DIRECTIONS: Repeat exactly, and only, the lines from the one containing "g_pos by (intro divide_left_mono) auto" through the end of the records.

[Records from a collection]
________________

lemma eigenvalue_near_g:
  assumes ev: "is_eigenvalue n (adj E) lam" and lam: "4 * k \<le> \<bar>lam\<bar>"
  shows "g / 2 \<le> \<bar>lam\<bar>" and "\<bar>(lam / g)^2 - 1\<bar> \<le> 4 * k / g"
proof -
  have "2 * k \<le> \<bar>lam\<bar>" using lam k_ge_1 by linarith
  then obtain \<theta> where sq: "lam^2 = m * (k + \<theta>)" and \<theta>: "\<bar>\<theta>\<bar> \<le> 2 * k^2 / \<bar>lam\<bar>"
    using eigenvalue_sq[OF ev] by blast
  have "2 * k^2 / \<bar>lam\<bar> \<le> 2 * k^2 / (4 * k)"
    using lam k_ge_1 by (intro divide_left_mono) auto
  also have "\<dots> = k / 2" using k_ge_1 by (simp add: power2_eq_square)
  finally have "k / 2 \<le> k + \<theta>" using abs_le_D2[OF \<theta>] by linarith
  then have "m * (k / 2) \<le> lam^2" unfolding sq using m_ge_1 by (intro mult_left_mono) auto
  have "(g / 2)^2 = m * (k / 2) / 2" using g_sq by (simp add: power_divide algebra_simps)
  also have "\<dots> \<le> m * (k / 2)" using m_ge_1 k_ge_1 by simp
  also have "\<dots> \<le> \<bar>lam\<bar>^2" using \<open>m * (k / 2) \<le> lam^2\<close> by simp
  finally have "(g / 2)^2 \<le> \<bar>lam\<bar>^2" .
  then show lam_g: "g / 2 \<le> \<bar>lam\<bar>" by (rule power2_le_imp_le) simp
  have "\<bar>lam^2 - g^2\<bar> = m * \<bar>\<theta>\<bar>" unfolding sq g_sq using m_ge_1 by (simp add: algebra_simps abs_mult)
  also have "\<dots> \<le> m * (2 * k^2 / (g / 2))"
  proof -
    have "2 * k^2 / \<bar>lam\<bar> \<le> 2 * k^2 / (g / 2)" using lam_g g_pos by (intro divide_left_mono) auto
    then show ?thesis using \<theta> m_ge_1 by (intro mult_left_mono) auto
  qed
  also have "\<dots> = 4 * k * (k * m) / g" by (simp add: field_simps power2_eq_square)
  also have "\<dots> = 4 * k * g" unfolding g_sq[symmetric] using g_pos by (simp add: power2_eq_square)
  finally have diff: "\<bar>lam^2 - g^2\<bar> \<le> 4 * k * g" .
  have "(lam / g)^2 - 1 = (lam^2 - g^2) / g^2"
    using g_pos by (simp add: power_divide diff_divide_distrib)
  then have "\<bar>(lam / g)^2 - 1\<bar> = \<bar>lam^2 - g^2\<bar> / g^2" by (simp add: abs_divide)
  also have "\<dots> \<le> 4 * k * g / g^2" using diff by (simp add: divide_right_mono)
  also have "\<dots> = 4 * k / g" using g_pos by (simp add: power2_eq_square)
  finally show "\<bar>(lam / g)^2 - 1\<bar> \<le> 4 * k / g" .
qed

________________

REPLY:
    have "2 * k^2 / \<bar>lam\<bar> \<le> 2 * k^2 / (g / 2)" using lam_g g_pos by (intro divide_left_mono) auto
    then show ?thesis using \<theta> m_ge_1 by (intro mult_left_mono) auto
  qed
  also have "\<dots> = 4 * k * (k * m) / g" by (simp add: field_simps power2_eq_square)
  also have "\<dots> = 4 * k * g" unfolding g_sq[symmetric] using g_pos by (simp add: power2_eq_square)
  finally have diff: "\<bar>lam^2 - g^2\<bar> \<le> 4 * k * g" .
  have "(lam / g)^2 - 1 = (lam^2 - g^2) / g^2"
    using g_pos by (simp add: power_divide diff_divide_distrib)
  then have "\<bar>(lam / g)^2 - 1\<bar> = \<bar>lam^2 - g^2\<bar> / g^2" by (simp add: abs_divide)
  also have "\<dots> \<le> 4 * k * g / g^2" using diff by (simp add: divide_right_mono)
  also have "\<dots> = 4 * k / g" using g_pos by (simp add: power2_eq_square)
  finally show "\<bar>(lam / g)^2 - 1\<bar> \<le> 4 * k / g" .
qed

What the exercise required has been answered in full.